Key Takeaways
- Sector: Artificial Intelligence (AI), Technology Software & Gaming.
- Geography: United States.
Analysis
Greenoaks Capital, a leading growth-stage venture firm, is preparing to raise its largest fund to date—Fund VI—with a target size of $2.25 billion. The move follows a windfall from its investment in cybersecurity company Wiz, recently acquired by Alphabet in one of the year’s most notable tech exits.
Founded in 2012 by Neil Mehta and Benjamin Peretz, Greenoaks has built a reputation for backing transformative, long-term technology bets. The firm has supported high-profile companies such as Coupang, Stripe, Discord, Robinhood, and Databricks.
The successful outcome with Wiz has fueled Greenoaks' confidence to pursue what will be its largest raise yet. Previous funds from the firm were significantly smaller, signaling a substantial leap in ambition with Fund VI.
Greenoaks distinguishes itself by maintaining a concentrated investment strategy. Rather than spreading capital thinly across dozens of companies, the firm carefully selects a small number of ventures it believes can define their sectors. The focus is on “generation-defining” companies, according to internal communications shared with prospective investors.

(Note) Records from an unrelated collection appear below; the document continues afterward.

lemma DERIV_Ybeta_flow:
  assumes \<phi>: "smooth_periodic \<phi>" and g: "in_G g"
    and summable: "(\<lambda>a. \<bar>V0_term \<phi> g a\<bar>) summable_on jumps g"
  shows "DERIV (\<lambda>t. Ybeta \<beta> (flow \<phi> t) g) 0 :> Vbeta \<beta> \<phi> g"
proof -
  obtain M0 B0 B B3 where bounds: "\<And>x. \<bar>\<phi> x\<bar> \<le> M0" "\<And>x. \<bar>deriv \<phi> x\<bar> \<le> B0"
    "\<And>x. \<bar>deriv (deriv \<phi>) x\<bar> \<le> B" "\<And>x. \<bar>deriv (deriv (deriv \<phi>)) x\<bar> \<le> B3"
    using smooth_periodic_bounds[OF \<phi>] by metis
  have \<phi>1: "smooth_periodic (deriv \<phi>)" and \<phi>2: "smooth_periodic (deriv (deriv \<phi>))"
    using \<phi> smooth_periodic_deriv by blast+
  interpret C3_bounded_field \<phi> "deriv \<phi>" "deriv (deriv \<phi>)" "deriv (deriv (deriv \<phi>))" M0 B0 B B3
    by unfold_locales (use smooth_periodic_DERIV[OF \<phi>] smooth_periodic_DERIV[OF \<phi>1]
        smooth_periodic_DERIV[OF \<phi>2] bounds in auto)
  interpret log_deriv_expansion \<phi> "flow \<phi>" flow_log_deriv 1 "B * M0 + expansion_const" B B0
  proof
    show "DERIV \<phi> y :> deriv \<phi> y" for y by (rule d\<phi>)
    show "\<bar>deriv \<phi> y - deriv \<phi> z\<bar> \<le> B * \<bar>y - z\<bar>" for y z by (rule \<psi>_Lipschitz)
    show "\<bar>deriv \<phi> y\<bar> \<le> B0" for y by (rule b\<psi>)
    show "(0::real) < 1" "0 \<le> B * M0 + expansion_const" "0 \<le> B"
      using bounds_nonneg expansion_const_nonneg by auto
    fix t y z :: real assume "\<bar>t\<bar> < 1"
    show "DERIV (flow \<phi> t) y :> exp (flow_log_deriv t y)" by (rule DERIV_flow_space)
    show "\<bar>flow_log_deriv t y - t * deriv \<phi> y\<bar> \<le> (B * M0 + expansion_const) * t\<^sup>2"
      using flow_log_deriv_expansion[of t y] mult_right_mono[OF _ zero_le_power2[of t], of "B * M0"
          "B * M0 + expansion_const"] expansion_const_nonneg
      by linarith
    have "\<bar>(flow_log_deriv t y - t * deriv \<phi> y) - (flow_log_deriv t z - t * deriv \<phi> z)\<bar>
        \<le> expansion_const * t\<^sup>2 * \<bar>y - z\<bar>"
      using \<open>\<bar>t\<bar> < 1\<close> by (intro flow_log_deriv_expansion_Lipschitz) simp
    also have "\<dots> \<le> (B * M0 + expansion_const) * t\<^sup>2 * \<bar>y - z\<bar>"
      using bounds_nonneg by (intro mult_right_mono) auto
    finally show "\<bar>(flow_log_deriv t y - t * deriv \<phi> y) - (flow_log_deriv t z - t * deriv \<phi> z)\<bar>
        \<le> (B * M0 + expansion_const) * t\<^sup>2 * \<bar>y - z\<bar>" .
  qed
  show ?thesis by (rule DERIV_Ybeta[OF g summable])
qed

Its model emphasizes long-term partnerships with visionary founders and operating teams, investing at growth stages with significant follow-on capital reserved. Fund VI will continue this strategy, with limited partners reportedly including large institutions, endowments, and family offices with experience in venture capital.
The Wiz acquisition underscores Greenoaks’ ability to identify outsized winners. The Israeli cloud security startup, which had raised over $900 million at a valuation north of $10 billion, represents a marquee win for the firm and a testament to its selective approach.
With the planned $2.25 billion fund, Greenoaks intends to double down on the core principle that has fueled its success: backing bold entrepreneurs building enduring businesses.